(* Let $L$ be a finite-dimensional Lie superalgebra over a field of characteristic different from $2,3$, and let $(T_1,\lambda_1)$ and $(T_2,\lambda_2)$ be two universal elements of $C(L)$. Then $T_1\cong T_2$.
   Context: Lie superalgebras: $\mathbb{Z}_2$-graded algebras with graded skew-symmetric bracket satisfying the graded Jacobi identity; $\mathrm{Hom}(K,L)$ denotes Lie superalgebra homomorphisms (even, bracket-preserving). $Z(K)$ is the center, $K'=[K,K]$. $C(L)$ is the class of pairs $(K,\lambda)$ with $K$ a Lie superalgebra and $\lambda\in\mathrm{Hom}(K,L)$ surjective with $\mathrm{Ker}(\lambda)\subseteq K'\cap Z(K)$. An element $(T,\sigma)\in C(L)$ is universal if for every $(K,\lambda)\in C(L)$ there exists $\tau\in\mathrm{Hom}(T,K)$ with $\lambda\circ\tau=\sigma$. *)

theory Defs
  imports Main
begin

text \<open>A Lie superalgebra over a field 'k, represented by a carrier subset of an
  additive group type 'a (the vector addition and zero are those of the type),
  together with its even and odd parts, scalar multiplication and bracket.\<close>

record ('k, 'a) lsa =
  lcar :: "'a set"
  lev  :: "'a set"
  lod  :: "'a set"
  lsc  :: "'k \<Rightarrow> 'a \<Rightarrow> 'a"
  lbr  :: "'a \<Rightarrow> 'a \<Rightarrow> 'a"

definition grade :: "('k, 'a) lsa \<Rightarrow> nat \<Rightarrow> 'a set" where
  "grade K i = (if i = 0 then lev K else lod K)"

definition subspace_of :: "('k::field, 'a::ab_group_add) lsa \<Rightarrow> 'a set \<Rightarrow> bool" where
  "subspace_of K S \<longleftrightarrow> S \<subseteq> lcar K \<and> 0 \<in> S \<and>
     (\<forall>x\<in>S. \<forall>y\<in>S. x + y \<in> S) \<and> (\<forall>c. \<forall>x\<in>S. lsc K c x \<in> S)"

* * *

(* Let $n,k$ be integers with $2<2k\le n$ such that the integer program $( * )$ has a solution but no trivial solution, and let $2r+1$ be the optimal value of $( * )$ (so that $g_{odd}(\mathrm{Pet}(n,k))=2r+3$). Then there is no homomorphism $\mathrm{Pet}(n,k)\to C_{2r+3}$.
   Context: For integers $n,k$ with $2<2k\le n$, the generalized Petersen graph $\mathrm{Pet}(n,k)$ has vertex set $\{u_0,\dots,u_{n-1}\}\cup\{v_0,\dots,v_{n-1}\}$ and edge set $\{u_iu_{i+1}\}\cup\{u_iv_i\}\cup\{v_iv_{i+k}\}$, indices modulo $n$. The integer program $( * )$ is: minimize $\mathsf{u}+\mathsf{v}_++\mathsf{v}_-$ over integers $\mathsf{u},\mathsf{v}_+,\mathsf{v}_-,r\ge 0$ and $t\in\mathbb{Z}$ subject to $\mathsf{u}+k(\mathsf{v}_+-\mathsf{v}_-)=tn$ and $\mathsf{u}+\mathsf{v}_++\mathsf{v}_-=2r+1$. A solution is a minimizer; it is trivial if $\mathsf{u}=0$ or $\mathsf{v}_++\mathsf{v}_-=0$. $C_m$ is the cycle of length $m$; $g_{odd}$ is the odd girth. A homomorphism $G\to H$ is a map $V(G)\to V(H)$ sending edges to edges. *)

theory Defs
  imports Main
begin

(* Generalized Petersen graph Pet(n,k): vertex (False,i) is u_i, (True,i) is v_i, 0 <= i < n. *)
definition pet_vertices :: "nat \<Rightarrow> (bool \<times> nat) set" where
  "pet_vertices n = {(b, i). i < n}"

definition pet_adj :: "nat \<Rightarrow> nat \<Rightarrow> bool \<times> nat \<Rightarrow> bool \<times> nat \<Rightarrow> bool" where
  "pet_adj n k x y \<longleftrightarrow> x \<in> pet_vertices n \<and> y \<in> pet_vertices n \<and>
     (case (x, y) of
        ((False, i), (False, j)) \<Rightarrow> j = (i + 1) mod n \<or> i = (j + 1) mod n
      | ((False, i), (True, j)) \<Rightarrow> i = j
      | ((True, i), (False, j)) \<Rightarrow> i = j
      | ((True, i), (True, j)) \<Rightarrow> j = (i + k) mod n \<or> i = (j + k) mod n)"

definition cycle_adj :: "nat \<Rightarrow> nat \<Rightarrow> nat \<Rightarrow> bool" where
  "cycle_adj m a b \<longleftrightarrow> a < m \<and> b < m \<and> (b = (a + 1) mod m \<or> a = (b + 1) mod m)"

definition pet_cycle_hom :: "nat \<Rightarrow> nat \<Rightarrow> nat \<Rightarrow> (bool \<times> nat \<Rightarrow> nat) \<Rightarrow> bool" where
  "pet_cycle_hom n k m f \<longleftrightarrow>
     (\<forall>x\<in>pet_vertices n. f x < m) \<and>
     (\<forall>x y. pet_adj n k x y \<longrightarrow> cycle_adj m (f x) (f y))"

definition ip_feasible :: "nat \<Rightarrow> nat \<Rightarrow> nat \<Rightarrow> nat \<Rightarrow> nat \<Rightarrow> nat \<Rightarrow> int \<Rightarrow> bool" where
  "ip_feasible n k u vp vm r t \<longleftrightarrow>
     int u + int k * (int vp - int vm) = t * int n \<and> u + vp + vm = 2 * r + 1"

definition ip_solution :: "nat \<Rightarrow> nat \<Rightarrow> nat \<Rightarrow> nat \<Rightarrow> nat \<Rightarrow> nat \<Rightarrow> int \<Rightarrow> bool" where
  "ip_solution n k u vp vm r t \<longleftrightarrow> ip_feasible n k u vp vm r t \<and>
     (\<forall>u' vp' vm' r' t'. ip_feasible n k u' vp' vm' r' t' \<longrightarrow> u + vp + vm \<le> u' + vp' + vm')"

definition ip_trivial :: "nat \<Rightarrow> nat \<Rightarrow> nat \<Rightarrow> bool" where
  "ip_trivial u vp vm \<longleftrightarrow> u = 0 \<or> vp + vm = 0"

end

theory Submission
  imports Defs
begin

- About this exercise:
Given the records above, restate word for word only the lines starting at the one with "(* Let $L$ be" and ending at the one with "text \<open>A Lie".

- Solution to the exercise:
(* Let $L$ be a finite-dimensional Lie superalgebra over a field of characteristic different from $2,3$, and let $(T_1,\lambda_1)$ and $(T_2,\lambda_2)$ be two universal elements of $C(L)$. Then $T_1\cong T_2$.
   Context: Lie superalgebras: $\mathbb{Z}_2$-graded algebras with graded skew-symmetric bracket satisfying the graded Jacobi identity; $\mathrm{Hom}(K,L)$ denotes Lie superalgebra homomorphisms (even, bracket-preserving). $Z(K)$ is the center, $K'=[K,K]$. $C(L)$ is the class of pairs $(K,\lambda)$ with $K$ a Lie superalgebra and $\lambda\in\mathrm{Hom}(K,L)$ surjective with $\mathrm{Ker}(\lambda)\subseteq K'\cap Z(K)$. An element $(T,\sigma)\in C(L)$ is universal if for every $(K,\lambda)\in C(L)$ there exists $\tau\in\mathrm{Hom}(T,K)$ with $\lambda\circ\tau=\sigma$. *)

theory Defs
  imports Main
begin

text \<open>A Lie superalgebra over a field 'k, represented by a carrier subset of an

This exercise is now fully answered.